An analog stick (analogue stick in British English), also known as a control stick, thumbstick or joystick, is an input method designed for video games that translates thumb movement into directional control. It consists of a protruding stick mounted on a pivot, with movement registered through continuous electrical signals rather than discrete switches, allowing for greater nuance than traditional digital inputs.

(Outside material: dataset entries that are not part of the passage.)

lemma lattice_supersolution_scaling:
  fixes h g V :: "int ^ 'd::finite \<Rightarrow> real" and q c D :: real
  assumes "q > 1" and "c > 0" and "D > 0"
    and "\<And>x. h x \<ge> 0"
    and "\<And>x. lattice_laplacian h x \<le> - c * g x"
    and "\<And>x. V x * h x powr q \<le> D * g x"
  obtains \<epsilon> where "\<epsilon> > 0"
    "\<And>x. lattice_laplacian (\<lambda>y. \<epsilon> * h y) x + V x * (\<epsilon> * h x) powr q \<le> 0"
proof -
  define \<epsilon> where "\<epsilon> = (c / D) powr (1 / (q - 1))"
  have "\<epsilon> > 0" using assms(2,3) by (simp add: \<epsilon>_def)
  have "\<epsilon> powr q = \<epsilon> powr 1 * \<epsilon> powr (q - 1)"
    using powr_add[of \<epsilon> 1 "q - 1"] \<open>\<epsilon> > 0\<close> by simp
  also have "\<dots> = \<epsilon> * (c / D)"
    using \<open>\<epsilon> > 0\<close> assms(1-3) by (simp add: \<epsilon>_def powr_powr)
  finally have \<epsilon>_powr: "\<epsilon> powr q = \<epsilon> * (c / D)" .
  show thesis
  proof (rule that)
    show "\<epsilon> > 0" by fact
  next
    fix x
    have "lattice_laplacian (\<lambda>y. \<epsilon> * h y) x + V x * (\<epsilon> * h x) powr q
        = \<epsilon> * lattice_laplacian h x + \<epsilon> powr q * (V x * h x powr q)"
      using \<open>\<epsilon> > 0\<close> assms(4) by (simp add: lattice_laplacian_cmult powr_mult)
    also have "\<dots> \<le> \<epsilon> * (- c * g x) + \<epsilon> powr q * (D * g x)"
      using \<open>\<epsilon> > 0\<close> assms(5,6) by (intro add_mono mult_left_mono) auto
    also have "\<dots> = 0"
      using assms(3) by (simp add: \<epsilon>_powr)
    finally show "lattice_laplacian (\<lambda>y. \<epsilon> * h y) x + V x * (\<epsilon> * h x) powr q \<le> 0" .
  qed
qed

theorem theorem7p5:
  fixes \<alpha> q :: real
  assumes "CARD('d::finite) \<ge> 3"
    and "\<alpha> < 2"
    and "q > (real CARD('d) - \<alpha>) / (real CARD('d) - 2)"
  shows "\<exists>u :: int ^ 'd \<Rightarrow> real. (\<forall>x. u x > 0) \<and>
           (\<forall>x. lattice_laplacian u x + (1 + lattice_norm x) powr (- \<alpha>) * (u x) powr q \<le> 0)"
proof -
  obtain \<gamma> where "\<gamma> > 0" and "2 * \<gamma> + 2 < real CARD('d)" and \<gamma>_q: "1 - \<alpha> / 2 \<le> \<gamma> * (q - 1)"
    using profile_exponent_exists[of "real CARD('d)" \<alpha> q] assms by force
  have "q > 1" using gt_one_of_gt_critical_exponent[of "real CARD('d)" \<alpha> q] assms by simp
  obtain C c where "C \<ge> 1" "c > 0" and laplacian:
    "\<And>x :: int ^ 'd. lattice_laplacian (\<lambda>y. (C + lattice_norm y ^ 2) powr (-\<gamma>)) x
        \<le> - c * (C + lattice_norm x ^ 2 + 1) powr (-\<gamma> - 1)"
    using lattice_laplacian_profile_le \<open>\<gamma> > 0\<close> \<open>2 * \<gamma> + 2 < real CARD('d)\<close> by blast
  obtain D where "D > 0" and decay:
    "\<And>n. n \<ge> 0 \<Longrightarrow> (1 + n) powr (-\<alpha>) * ((C + n\<^sup>2) powr (-\<gamma>)) powr q \<le> D * (C + n\<^sup>2 + 1) powr (-\<gamma> - 1)"
    using weighted_profile_powr_le[of C \<gamma> q \<alpha>] \<open>C \<ge> 1\<close> \<open>\<gamma> > 0\<close> \<open>q > 1\<close> \<gamma>_q by auto
  define h where "h = (\<lambda>y :: int ^ 'd. (C + lattice_norm y ^ 2) powr (-\<gamma>))"
  define g where "g = (\<lambda>y :: int ^ 'd. (C + lattice_norm y ^ 2 + 1) powr (-\<gamma> - 1))"
  have h_pos: "h x > 0" for x
    unfolding h_def using add_pos_nonneg[OF _ zero_le_power2, of C "lattice_norm x"] \<open>C \<ge> 1\<close> by simp
  then have h_nonneg: "h x \<ge> 0" for x by (simp add: less_imp_le)
  have laplacian_h: "lattice_laplacian h x \<le> - c * g x" for x
    unfolding h_def g_def by (rule laplacian)
  have nonlinearity_h: "(1 + lattice_norm x) powr (-\<alpha>) * h x powr q \<le> D * g x" for x
    unfolding h_def g_def by (rule decay[OF lattice_norm_nonneg])
  obtain \<epsilon> where "\<epsilon> > 0" and supersolution:
    "\<And>x. lattice_laplacian (\<lambda>y. \<epsilon> * h y) x + (1 + lattice_norm x) powr (-\<alpha>) * (\<epsilon> * h x) powr q \<le> 0"
    using lattice_supersolution_scaling[OF \<open>q > 1\<close> \<open>c > 0\<close> \<open>D > 0\<close> h_nonneg laplacian_h nonlinearity_h]
    by blast
  show ?thesis
    using \<open>\<epsilon> > 0\<close> h_pos supersolution by (intro exI[of _ "\<lambda>y. \<epsilon> * h y"]) simp
qed
text \<open>
  The first component places \<open>u \<in> U\<close> at the position of its lowest neighbour and
  \<open>v \<in> V\<close> at the highest of these positions among its neighbours. The \<open>+ 1\<close> in the
  third component puts every \<open>u \<in> U\<close> above every \<open>v \<in> V\<close> there.
\<close>
definition key :: "'a \<Rightarrow> nat \<times> nat \<times> nat"
  where "key w =
    (if w \<in> U then (card (below_nbhd w), card (below_all_nbhd w), card V + 1 - card (nbhd E w))
     else (card (below_nbhd_of_nbhd w), card (nbhd_subsets w), 0))"

definition normal_order :: "'a \<Rightarrow> 'a \<Rightarrow> bool"
  where "normal_order = refine_by_key (U \<union> V) key r"

lemma strict_linear_order_on_normal_order: "strict_linear_order_on (U \<union> V) normal_order"
  unfolding normal_order_def by (rule strict_linear_order_on_refine_by_key[OF linear])

lemma normal_orderI: "a \<in> U \<union> V \<Longrightarrow> b \<in> U \<union> V \<Longrightarrow> key a < key b \<Longrightarrow> normal_order a b"
  unfolding normal_order_def by (rule refine_by_keyI)

lemma disjoint: "U \<inter> V = {}"
  using bipartite by (rule bipartite_graph_disjoint)

lemma finite_V: "finite V"
  using bipartite_graph_finite[OF bipartite] by simp

lemma card_mono_in_graph: "A \<subseteq> B \<Longrightarrow> B \<subseteq> U \<union> V \<Longrightarrow> card A \<le> card B"
  by (meson bipartite bipartite_graph_finite card_mono finite_subset)

lemma card_psubset_in_graph: "A \<subset> B \<Longrightarrow> B \<subseteq> U \<union> V \<Longrightarrow> card A < card B"
  by (meson bipartite bipartite_graph_finite psubset_card_mono finite_subset)

lemma below_nbhd_subset: "below_nbhd u \<subseteq> U \<union> V"
  by (auto simp: below_nbhd_def)

lemma below_nbhd_of_nbhd_subset: "below_nbhd_of_nbhd v \<subseteq> U \<union> V"
  using below_nbhd_subset by (auto simp: below_nbhd_of_nbhd_def)

lemma nbhd_subsets_subset: "nbhd_subsets v \<subseteq> U \<union> V"
  by (auto simp: nbhd_subsets_def)

lemma below_all_nbhd_subset: "below_all_nbhd u \<subseteq> U \<union> V"
  by (auto simp: below_all_nbhd_def)

lemma card_nbhd_le: "u \<in> U \<Longrightarrow> card (nbhd E u) \<le> card V"
  using bipartite_graph_nbhd_left[OF bipartite] card_mono[OF finite_V] by blast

Unlike D-pads, which rely on fixed electrical contacts, analog sticks typically use potentiometers to measure their position across a full range of motion. Many models allow the stick to be pressed down like a button, allowing users to execute commands without removing their thumb from the stick. Since its introduction, the analog stick has largely replaced the D-pad as the primary directional input in modern game controllers.

==Usage in video games==
The initial prevalence of analog sticks was as peripherals for flight simulator games, to better reflect the subtleties of control required for such titles. It was during the fifth console generation that Nintendo announced it would integrate a small stick into its Nintendo 64 controller, a step which would pave the way for subsequent leading console manufacturers to follow suit.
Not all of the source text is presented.